(* Let $\Delta:M_n\to M_n$ be a weak-2-local derivation, let $p_1,\ldots,p_n$ be mutually orthogonal minimal projections in $M_n$, and let $q=1-p_n$. Suppose that $\Delta$ is symmetric (i.e. $\Delta(a^* )^*=\Delta(a)$ for all $a\in M_n$) and $\Delta(qa)=0$ for every $a\in M_n$. Then $\Delta(qa+p_naq)=0$ for every $a\in M_n$.
   Context: $M_n=M_n(\mathbb{C})$. A derivation on $M_n$ is a linear map $D$ with $D(ab)=D(a)b+aD(b)$. A (not necessarily linear) map $\Delta:M_n\to M_n$ is a weak-2-local derivation if for every $a,b\in M_n$ and every $\phi\in M_n^*$ there exists a derivation $D_{a,b,\phi}$ such that $\phi\Delta(a)=\phi D_{a,b,\phi}(a)$ and $\phi\Delta(b)=\phi D_{a,b,\phi}(b)$. *)

theory Defs
  imports "HOL-Analysis.Analysis"
begin

text \<open>M_n(C) is rendered as the type complex^'n^'n with 'n a finite index type of size n.\<close>

type_synonym 'n cmat = "complex ^ 'n ^ 'n"

definition cmat_scale :: "complex \<Rightarrow> 'n::finite cmat \<Rightarrow> 'n cmat" where
  "cmat_scale c A = (\<chi> i j. c * A $ i $ j)"

definition cmat_adj :: "'n::finite cmat \<Rightarrow> 'n cmat" where
  "cmat_adj A = (\<chi> i j. cnj (A $ j $ i))"

definition is_derivation :: "('n::finite cmat \<Rightarrow> 'n cmat) \<Rightarrow> bool" where
  "is_derivation D \<longleftrightarrow>
     (\<forall>A B. D (A + B) = D A + D B) \<and>
     (\<forall>c A. D (cmat_scale c A) = cmat_scale c (D A)) \<and>
     (\<forall>A B. D (A ** B) = D A ** B + A ** D B)"

definition cmat_functional :: "('n::finite cmat \<Rightarrow> complex) \<Rightarrow> bool" where
  "cmat_functional phi \<longleftrightarrow>
     (\<forall>A B. phi (A + B) = phi A + phi B) \<and>
     (\<forall>c A. phi (cmat_scale c A) = c * phi A)"

definition weak_2_local_derivation :: "('n::finite cmat \<Rightarrow> 'n cmat) \<Rightarrow> bool" where
  "weak_2_local_derivation \<Delta> \<longleftrightarrow>
     (\<forall>a b phi. cmat_functional phi \<longrightarrow>
        (\<exists>D. is_derivation D \<and> phi (\<Delta> a) = phi (D a) \<and> phi (\<Delta> b) = phi (D b)))"

definition is_projection :: "'n::finite cmat \<Rightarrow> bool" where
  "is_projection p \<longleftrightarrow> cmat_adj p = p \<and> p ** p = p"

text \<open>Minimal projection: nonzero projection with no subprojection other than 0 and itself
  (e \<le> p for projections means e = e p).\<close>
definition minimal_projection :: "'n::finite cmat \<Rightarrow> bool" where
  "minimal_projection p \<longleftrightarrow> is_projection p \<and> p \<noteq> 0 \<and>
     (\<forall>e. is_projection e \<and> e ** p = e \<longrightarrow> e = 0 \<or> e = p)"

end

theory Submission
  imports Defs
begin

text \<open>Write \<open>P = p k\<close> and \<open>Q = 1 - P\<close>, so every matrix splits into the four corners
  \<open>P Z P\<close>, \<open>P Z Q\<close>, \<open>Q Z P\<close>, \<open>Q Z Q\<close>. By symmetry \<open>\<Delta>\<close> kills both \<open>Q b\<close> and \<open>b Q\<close>, and
  \<open>x = Q a + P a Q\<close> differs from such elements only by \<open>Q a P\<close>, \<open>P a Q\<close> or \<open>P a Q + Q\<close>.
  Testing \<open>\<Delta> x\<close> against a linear functional \<open>\<phi>\<close> together with such an element \<open>y\<close> replaces
  \<open>\<phi> (\<Delta> x)\<close> by \<open>\<phi> (D (x - y))\<close> for an honest derivation \<open>D\<close>; choosing \<open>\<phi>\<close> as a corner of a
  trace functional shows that the corners \<open>P \<Delta>(x) Q\<close>, \<open>Q \<Delta>(x) P\<close>, \<open>Q \<Delta>(x) Q\<close> and the trace
  of \<open>\<Delta> x\<close> vanish. Hence \<open>\<Delta> x = P \<Delta>(x) P\<close> is a traceless element of the corner of a rank-one
  projection, i.e. zero.\<close>

lemma matrix_add_rdistrib: "((A::'a::semiring_1^'n^'m) + B) ** C = A ** C + B ** C"
  by (vector matrix_matrix_mult_def sum.distrib[symmetric] field_simps)
(* Let $n\ge2$. For $Q\in SU_n$ let $m(Q):=\min\{\|X\|_\phi^2: X\in\mathfrak{su}_n,\ \exp(X)=Q\}$ and let $\delta_n:=\max\{m(Q):Q\in SU_n\}$. Then $\delta_n=n\pi^2$ if $n$ is even and $\delta_n=(n-\frac1n)\pi^2$ if $n$ is odd. Moreover, a matrix $Q\in SU_n$ satisfies $m(Q)=\delta_n$ if and only if $Q=-I_n$ when $n$ is even, and if and only if $Q=e^{\frac{(n-1)\pi\mathbf{i}}{n}}I_n$ or $Q=e^{-\frac{(n-1)\pi\mathbf{i}}{n}}I_n$ when $n$ is odd.
   Context: $SU_n$ is the special unitary group, $\mathfrak{su}_n$ its Lie algebra of traceless skew-Hermitian matrices, $\exp$ the matrix exponential, and $\|X\|_\phi=\sqrt{\mathrm{tr}(XX^* )}$ the Frobenius norm. (The minimum defining $m(Q)$ exists, and $m(Q)$ equals the square of the Frobenius-metric distance from $I_n$ to $Q$ in $SU_n$.) *)

theory Defs
  imports "HOL-Analysis.Analysis"
begin

text \<open>Complex n x n matrices are rendered as complex^'n^'n (n = CARD('n)).
  The norm on this type is the Euclidean norm of all entries, i.e. the Frobenius norm.\<close>

primrec cmatpow :: "complex^'n^'n \<Rightarrow> nat \<Rightarrow> complex^'n^'n" where
  "cmatpow A 0 = mat 1"
| "cmatpow A (Suc k) = cmatpow A k ** A"

definition cmat_exp :: "complex^'n^'n \<Rightarrow> complex^'n^'n" where
  "cmat_exp X = (\<Sum>k. (1 / fact k) *\<^sub>R cmatpow X k)"

definition conj_transpose :: "complex^'n^'n \<Rightarrow> complex^'n^'n" where
  "conj_transpose A = (\<chi> i j. cnj (A $ j $ i))"

definition frob_norm :: "complex^'n^'n \<Rightarrow> real" where
  "frob_norm X = sqrt (cmod (trace (X ** conj_transpose X)))"

definition SU :: "(complex^'n^'n) set" where
  "SU = {Q. Q ** conj_transpose Q = mat 1 \<and> det Q = 1}"

definition su :: "(complex^'n^'n) set" where
  "su = {X. conj_transpose X = - X \<and> trace X = 0}"

definition m_SU :: "complex^'n^'n \<Rightarrow> real" where
  "m_SU Q = Inf {(frob_norm X)^2 | X. X \<in> su \<and> cmat_exp X = Q}"

definition delta_SU :: "'n::finite itself \<Rightarrow> real" where
  "delta_SU _ = Sup {m_SU Q | Q :: complex^'n^'n. Q \<in> SU}"

end

theory Submission
  imports Defs
begin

○ ○ ○

PROBLEM STATEMENT - Would you transcribe the whole listing, keeping every character the same?

TASK RESPONSE -
(* Let $\Delta:M_n\to M_n$ be a weak-2-local derivation, let $p_1,\ldots,p_n$ be mutually orthogonal minimal projections in $M_n$, and let $q=1-p_n$. Suppose that $\Delta$ is symmetric (i.e. $\Delta(a^* )^*=\Delta(a)$ for all $a\in M_n$) and $\Delta(qa)=0$ for every $a\in M_n$. Then $\Delta(qa+p_naq)=0$ for every $a\in M_n$.
   Context: $M_n=M_n(\mathbb{C})$. A derivation on $M_n$ is a linear map $D$ with $D(ab)=D(a)b+aD(b)$. A (not necessarily linear) map $\Delta:M_n\to M_n$ is a weak-2-local derivation if for every $a,b\in M_n$ and every $\phi\in M_n^*$ there exists a derivation $D_{a,b,\phi}$ such that $\phi\Delta(a)=\phi D_{a,b,\phi}(a)$ and $\phi\Delta(b)=\phi D_{a,b,\phi}(b)$. *)

theory Defs
  imports "HOL-Analysis.Analysis"
begin

text \<open>M_n(C) is rendered as the type complex^'n^'n with 'n a finite index type of size n.\<close>

type_synonym 'n cmat = "complex ^ 'n ^ 'n"

definition cmat_scale :: "complex \<Rightarrow> 'n::finite cmat \<Rightarrow> 'n cmat" where
  "cmat_scale c A = (\<chi> i j. c * A $ i $ j)"

definition cmat_adj :: "'n::finite cmat \<Rightarrow> 'n cmat" where
  "cmat_adj A = (\<chi> i j. cnj (A $ j $ i))"

definition is_derivation :: "('n::finite cmat \<Rightarrow> 'n cmat) \<Rightarrow> bool" where
  "is_derivation D \<longleftrightarrow>
     (\<forall>A B. D (A + B) = D A + D B) \<and>
     (\<forall>c A. D (cmat_scale c A) = cmat_scale c (D A)) \<and>
     (\<forall>A B. D (A ** B) = D A ** B + A ** D B)"

definition cmat_functional :: "('n::finite cmat \<Rightarrow> complex) \<Rightarrow> bool" where
  "cmat_functional phi \<longleftrightarrow>
     (\<forall>A B. phi (A + B) = phi A + phi B) \<and>
     (\<forall>c A. phi (cmat_scale c A) = c * phi A)"

definition weak_2_local_derivation :: "('n::finite cmat \<Rightarrow> 'n cmat) \<Rightarrow> bool" where
  "weak_2_local_derivation \<Delta> \<longleftrightarrow>
     (\<forall>a b phi. cmat_functional phi \<longrightarrow>
        (\<exists>D. is_derivation D \<and> phi (\<Delta> a) = phi (D a) \<and> phi (\<Delta> b) = phi (D b)))"

definition is_projection :: "'n::finite cmat \<Rightarrow> bool" where
  "is_projection p \<longleftrightarrow> cmat_adj p = p \<and> p ** p = p"

text \<open>Minimal projection: nonzero projection with no subprojection other than 0 and itself
  (e \<le> p for projections means e = e p).\<close>
definition minimal_projection :: "'n::finite cmat \<Rightarrow> bool" where
  "minimal_projection p \<longleftrightarrow> is_projection p \<and> p \<noteq> 0 \<and>
     (\<forall>e. is_projection e \<and> e ** p = e \<longrightarrow> e = 0 \<or> e = p)"

end

theory Submission
  imports Defs
begin

text \<open>Write \<open>P = p k\<close> and \<open>Q = 1 - P\<close>, so every matrix splits into the four corners
  \<open>P Z P\<close>, \<open>P Z Q\<close>, \<open>Q Z P\<close>, \<open>Q Z Q\<close>. By symmetry \<open>\<Delta>\<close> kills both \<open>Q b\<close> and \<open>b Q\<close>, and
  \<open>x = Q a + P a Q\<close> differs from such elements only by \<open>Q a P\<close>, \<open>P a Q\<close> or \<open>P a Q + Q\<close>.
  Testing \<open>\<Delta> x\<close> against a linear functional \<open>\<phi>\<close> together with such an element \<open>y\<close> replaces
  \<open>\<phi> (\<Delta> x)\<close> by \<open>\<phi> (D (x - y))\<close> for an honest derivation \<open>D\<close>; choosing \<open>\<phi>\<close> as a corner of a
  trace functional shows that the corners \<open>P \<Delta>(x) Q\<close>, \<open>Q \<Delta>(x) P\<close>, \<open>Q \<Delta>(x) Q\<close> and the trace
  of \<open>\<Delta> x\<close> vanish. Hence \<open>\<Delta> x = P \<Delta>(x) P\<close> is a traceless element of the corner of a rank-one
  projection, i.e. zero.\<close>

lemma matrix_add_rdistrib: "((A::'a::semiring_1^'n^'m) + B) ** C = A ** C + B ** C"
  by (vector matrix_matrix_mult_def sum.distrib[symmetric] field_simps)
(* Let $n\ge2$. For $Q\in SU_n$ let $m(Q):=\min\{\|X\|_\phi^2: X\in\mathfrak{su}_n,\ \exp(X)=Q\}$ and let $\delta_n:=\max\{m(Q):Q\in SU_n\}$. Then $\delta_n=n\pi^2$ if $n$ is even and $\delta_n=(n-\frac1n)\pi^2$ if $n$ is odd. Moreover, a matrix $Q\in SU_n$ satisfies $m(Q)=\delta_n$ if and only if $Q=-I_n$ when $n$ is even, and if and only if $Q=e^{\frac{(n-1)\pi\mathbf{i}}{n}}I_n$ or $Q=e^{-\frac{(n-1)\pi\mathbf{i}}{n}}I_n$ when $n$ is odd.
   Context: $SU_n$ is the special unitary group, $\mathfrak{su}_n$ its Lie algebra of traceless skew-Hermitian matrices, $\exp$ the matrix exponential, and $\|X\|_\phi=\sqrt{\mathrm{tr}(XX^* )}$ the Frobenius norm. (The minimum defining $m(Q)$ exists, and $m(Q)$ equals the square of the Frobenius-metric distance from $I_n$ to $Q$ in $SU_n$.) *)

theory Defs
  imports "HOL-Analysis.Analysis"
begin

text \<open>Complex n x n matrices are rendered as complex^'n^'n (n = CARD('n)).
  The norm on this type is the Euclidean norm of all entries, i.e. the Frobenius norm.\<close>

primrec cmatpow :: "complex^'n^'n \<Rightarrow> nat \<Rightarrow> complex^'n^'n" where
  "cmatpow A 0 = mat 1"
| "cmatpow A (Suc k) = cmatpow A k ** A"

definition cmat_exp :: "complex^'n^'n \<Rightarrow> complex^'n^'n" where
  "cmat_exp X = (\<Sum>k. (1 / fact k) *\<^sub>R cmatpow X k)"

definition conj_transpose :: "complex^'n^'n \<Rightarrow> complex^'n^'n" where
  "conj_transpose A = (\<chi> i j. cnj (A $ j $ i))"

definition frob_norm :: "complex^'n^'n \<Rightarrow> real" where
  "frob_norm X = sqrt (cmod (trace (X ** conj_transpose X)))"

definition SU :: "(complex^'n^'n) set" where
  "SU = {Q. Q ** conj_transpose Q = mat 1 \<and> det Q = 1}"

definition su :: "(complex^'n^'n) set" where
  "su = {X. conj_transpose X = - X \<and> trace X = 0}"

definition m_SU :: "complex^'n^'n \<Rightarrow> real" where
  "m_SU Q = Inf {(frob_norm X)^2 | X. X \<in> su \<and> cmat_exp X = Q}"

definition delta_SU :: "'n::finite itself \<Rightarrow> real" where
  "delta_SU _ = Sup {m_SU Q | Q :: complex^'n^'n. Q \<in> SU}"

end

theory Submission
  imports Defs
begin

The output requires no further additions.